Un maître d’ouvrage avait confié un marché de travaux tous corps d’état à un entrepreneur.
Une clause dans le marché prévoyait que celui-ci pourrait être résilié « dans le cas de tromperie grave et dûment constatée sur la qualité des matériaux ou sur la qualité d’exécution des travaux. »
Ainsi, le maître de l’ouvrage a constaté durant le cours des travaux que les sous-traitants de l’entrepreneur ne respectaient pas les règles en matière de sécurité des ouvriers et de prévention des accidents.
C’est pourquoi le maître d’ouvrage a notifié au constructeur la résiliation unilatérale du marché à ses torts exclusifs, en s’appuyant sur l’article 22. 1. 2. 1 de la norme française AFNOR P 03-001 selon lequel :
« Le marché pourra être résilié de plein droit, sans accomplissement d’aucune formalité judiciaire, aux torts de l’entrepreneur [...] sans mise en demeure, dans le cas de tromperie grave et dûment constatée sur la qualité des matériaux ou sur la qualité d’exécution des travaux. »
Le constructeur a voulu contester la résiliation et être indemnisé. Il a alors assigné le maître d’ouvrage à cette fin, mais aussi pour que les comptes soient établis.
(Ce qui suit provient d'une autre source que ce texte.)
(* Let $k$ be a field of prime characteristic $p$. Let $H_1=\{x_1^p\}^S$ and $S^{(p)}_1=\{S^{(p)}\}^S$, where $S^{(p)}=S^{(p)}(x_1,\ldots,x_p)=\sum_{\sigma\in\Sigma_p}\prod_{i=1}^p x_{\sigma(i)}$. Then $S^{(p)}_1\subseteq H_1$.
   Context: $X=\{x_1,x_2,\ldots\}$ is countably infinite; $k_0\langle X\rangle$ is the free associative (non-unital) $k$-algebra on $X$. A $T$-space is a $k$-subspace of $k_0\langle X\rangle$ invariant under every algebra endomorphism of $k_0\langle X\rangle$; $\{f\}^S$ is the $T$-space generated by $f$. $\Sigma_p$ is the symmetric group on $p$ letters. *)

theory Defs
  imports Main "HOL-Combinatorics.Permutations" "HOL-Computational_Algebra.Primes"
begin

text \<open>The free associative non-unital k-algebra on X = {x_1, x_2, ...}: elements are
  finitely supported coefficient functions on words (lists of variable indices),
  with zero coefficient on the empty word. The variable x_i is the index i.\<close>

definition ncpoly :: "(nat list \<Rightarrow> 'k::field) set" where
  "ncpoly = {f. finite {w. f w \<noteq> 0} \<and> f [] = 0}"

definition nc_add :: "(nat list \<Rightarrow> 'k::field) \<Rightarrow> (nat list \<Rightarrow> 'k) \<Rightarrow> (nat list \<Rightarrow> 'k)" where
  "nc_add f g = (\<lambda>w. f w + g w)"

definition nc_smult :: "'k::field \<Rightarrow> (nat list \<Rightarrow> 'k) \<Rightarrow> (nat list \<Rightarrow> 'k)" where
  "nc_smult c f = (\<lambda>w. c * f w)"

definition nc_zero :: "nat list \<Rightarrow> 'k::field" where
  "nc_zero = (\<lambda>w. 0)"

definition nc_mult :: "(nat list \<Rightarrow> 'k::field) \<Rightarrow> (nat list \<Rightarrow> 'k) \<Rightarrow> (nat list \<Rightarrow> 'k)" where
  "nc_mult f g = (\<lambda>w. \<Sum>i\<le>length w. f (take i w) * g (drop i w))"

definition nc_endo :: "((nat list \<Rightarrow> 'k::field) \<Rightarrow> (nat list \<Rightarrow> 'k)) \<Rightarrow> bool" where
  "nc_endo \<phi> \<longleftrightarrow> \<phi> ` ncpoly \<subseteq> ncpoly
     \<and> (\<forall>f\<in>ncpoly. \<forall>g\<in>ncpoly. \<phi> (nc_add f g) = nc_add (\<phi> f) (\<phi> g))
     \<and> (\<forall>c. \<forall>f\<in>ncpoly. \<phi> (nc_smult c f) = nc_smult c (\<phi> f))
     \<and> (\<forall>f\<in>ncpoly. \<forall>g\<in>ncpoly. \<phi> (nc_mult f g) = nc_mult (\<phi> f) (\<phi> g))"

definition T_space :: "(nat list \<Rightarrow> 'k::field) set \<Rightarrow> bool" where
  "T_space V \<longleftrightarrow> V \<subseteq> ncpoly \<and> nc_zero \<in> V
     \<and> (\<forall>f\<in>V. \<forall>g\<in>V. nc_add f g \<in> V)
     \<and> (\<forall>c. \<forall>f\<in>V. nc_smult c f \<in> V)
     \<and> (\<forall>\<phi>. nc_endo \<phi> \<longrightarrow> \<phi> ` V \<subseteq> V)"

definition T_gen :: "(nat list \<Rightarrow> 'k::field) \<Rightarrow> (nat list \<Rightarrow> 'k) set" where
  "T_gen f = \<Inter> {V. T_space V \<and> f \<in> V}"

definition nc_monom :: "nat list \<Rightarrow> (nat list \<Rightarrow> 'k::field)" where
  "nc_monom u = (\<lambda>w. if w = u then 1 else 0)"

definition x1_pow :: "nat \<Rightarrow> (nat list \<Rightarrow> 'k::field)" where
  "x1_pow p = nc_monom (replicate p 1)"

definition S_poly :: "nat \<Rightarrow> (nat list \<Rightarrow> 'k::field)" where
  "S_poly p = (\<lambda>w. \<Sum>\<sigma>\<in>{\<sigma>. \<sigma> permutes {1..p}}. nc_monom (map \<sigma> [1..<p+1]) w)"

end

theory Submission
  imports Defs "HOL-Combinatorics.Multiset_Permutations"
begin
Mais le constructeur fut débouté et se pourvut en cassation.
Mais la Cour de cassation a donné raison aux juges du fond et les a approuvé d’avoir décidé « par une interprétation souveraine exclusive de dénaturation de cette clause, que la défaillance totale et persistante [du constructeur] à faire respecter par ses sous-traitants les prescriptions en vigueur en matière de sécurité des ouvriers et de prévention des accidents, indispensables à la réalisation des ouvrages dans les règles de l’art, était constitutive d’une tromperie sur la qualité d’exécution des travaux. »
Dès lors, le maître de l’ouvrage était parfaitement fondé à résilier le marché de plein droit et sans préavis.
La leçon très simple de cet arrêt est la suivante :
- Tout manquement aux règles de sécurité sur un chantier constitue une tromperie sur la qualité d’exécution des travaux ;
- Si le maître d’ouvrage laisse faire une telle situation, il risque à tout moment de voir son chantier arrêté. La résiliation de plein droit du contrat et sans préavis est donc une sanction logique compte tenu de la norme NF P 03-001 ;
le maître d’ouvrage n’a pas à indemniser l’entrepreneur, car la résiliation est, dans cette hypothèse, prononcée à ses torts ;
Cependant, encore est-il nécessaire que le maître d’ouvrage apporte la preuve du manquement aux règles de sécurité.